Gartner expects hardware spending to decline 16.5 percent and total $317 billion for 2009, then stay flat in 2010. However, this prediction may not pan out, Enderle said.

“The difficulty with trend-based forecasts is they don’t take into account unknown future events like platform updates, stimulus dollars or regulation, which can either improve or hurt that outlook,” he explained. “Given that desktop hardware is supposed to increase next year and many firms do desktop and server upgrades in tandem, this suggests Gartner’s hardware numbers are excessively pessimistic.”

Hobbled Hardware Hurts

If the prediction does pan out, however, businesses could be in for some frustration. An unwillingness to buy new hardware means they will be stuck with aging equipment, which is likely to fail more often than new hardware. Enterprises must begin assessing the impact of increased equipment failure rates, Gartner said. They may also need to re-think their equipment write-offs to see if these need adjusting.

About 1 million servers, or three percent of the global installed base of servers, are a year over their replacement schedule, according to Gartner. In 2010, that figure will rise to at least 2 million, the firm predicts.

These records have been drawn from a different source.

lemma open_surface_disc_chart_within:
  assumes S: "open_surface S" and W: "openin S W" "x \<in> W"
  obtains k v \<delta> where "disc_chart S k v \<delta>" "k v = x" "k ` ball v \<delta> \<subseteq> W"
proof -
  obtain U V where U: "openin S U" "x \<in> U" and V: "open (V::complex set)"
    and "subtopology S U homeomorphic_space top_of_set V"
    using S W openin_subset unfolding open_surface_def by blast
  then obtain h k where hk: "homeomorphic_maps (subtopology S U) (top_of_set V) h k"
    by (auto simp: homeomorphic_space_def)
  have k: "homeomorphic_map (top_of_set V) (subtopology S U) k"
    and h: "homeomorphic_map (subtopology S U) (top_of_set V) h"
    using hk homeomorphic_map_maps homeomorphic_maps_sym by blast+
  have tU: "topspace (subtopology S U) = U" using openin_subset[OF U(1)] by auto
  have hV: "h y \<in> V" "k (h y) = y" if "y \<in> U" for y
    using hk that tU unfolding homeomorphic_maps_def continuous_map_def by auto
  have "openin (subtopology S U) (U \<inter> W)"
    using W(1) by (simp add: openin_subtopology_Int2)
  then have "openin (top_of_set V) (h ` (U \<inter> W))"
    using homeomorphic_imp_open_map[OF h] by (simp add: open_map_def)
  then have "open (h ` (U \<inter> W))" using V openin_open_trans by blast
  moreover have "h x \<in> h ` (U \<inter> W)" using U W by blast
  ultimately obtain \<delta> where \<delta>: "0 < \<delta>" "ball (h x) \<delta> \<subseteq> h ` (U \<inter> W)"
    using open_contains_ball by blast
  have ballV: "ball (h x) \<delta> \<subseteq> V" using \<delta>(2) hV by blast
  have kball: "k ` ball (h x) \<delta> \<subseteq> U \<inter> W" using \<delta>(2) hV by auto
  have "homeomorphic_map (subtopology (top_of_set V) (ball (h x) \<delta>))
      (subtopology (subtopology S U) (k ` ball (h x) \<delta>)) k"
    by (rule homeomorphic_map_subtopologies[OF k]) (use ballV kball tU in auto)
  moreover have "openin (subtopology S U) (k ` ball (h x) \<delta>)"
    using homeomorphic_imp_open_map[OF k] ballV V by (auto simp: open_map_def openin_open_eq)
  ultimately have "disc_chart S k (h x) \<delta>"
    using \<delta>(1) kball U(1) openin_trans_full
    by (auto simp: disc_chart_def subtopology_subtopology Int_absorb1 Int_absorb2 ballV)
  then show ?thesis using that hV(2)[OF U(2)] kball by blast
qed

lemma open_surface_disc_chart_avoiding:
  assumes S: "open_surface S" and E: "discrete_subset S E" and x: "x \<in> topspace S"
  obtains k v \<delta> where "disc_chart S k v \<delta>" "k v = x" "E \<inter> k ` ball v \<delta> \<subseteq> {x}"
proof -
  obtain N where N: "openin S N" "x \<in> N" "finite (N \<inter> E)"
    using E x unfolding discrete_subset_def by blast
  have "t1_space S" using S by (simp add: open_surface_def Hausdorff_imp_t1_space)
  moreover have "E \<subseteq> topspace S" using E by (simp add: discrete_subset_def)
  ultimately have "closedin S (N \<inter> E - {x})"
    using N(3) unfolding t1_space_closedin_finite by auto
  then have "openin S (N - (N \<inter> E - {x}))" by (rule openin_diff[OF N(1)])

  then obtain k v \<delta> where "disc_chart S k v \<delta>" "k v = x" "k ` ball v \<delta> \<subseteq> N - (N \<inter> E - {x})"
    using open_surface_disc_chart_within[OF S] N(2) by blast
  then show ?thesis using that by blast
qed

lemma connected_open_closure_dichotomy:
  fixes D :: "'a::topological_space set"
  assumes "connected U" "open D" "closure D \<inter> U \<subseteq> D"
  shows "U \<subseteq> D \<or> D \<inter> U = {}"
proof -
  have "openin (top_of_set U) (D \<inter> U)"
    using assms(2) by (auto simp: openin_open)
  moreover have "closedin (top_of_set U) (D \<inter> U)"
    using assms(3) closure_subset[of D] by (auto simp: closedin_closed intro!: exI[of _ "closure D"])
  ultimately show ?thesis
    using assms(1) unfolding connected_clopen by blast
qed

By 2011, about 10 percent of the installed server base worldwide, or more than 3 million units, will be beyond their scheduled replacement dates unless enterprises change their replacement cycles, Gartner’s Sondergaard warned. This will impact enterprise risk calculations.

“Typically, the risk will be unacceptable once failure rates are forecast to reach unacceptable levels and/or when the cost of maintaining the aging hardware exceeds a set threshold,” Enderle said. “A large percentage of companies are already uncomfortably close to this failure/cost threshold, suggesting many will not be able to hold for more than a couple of years.”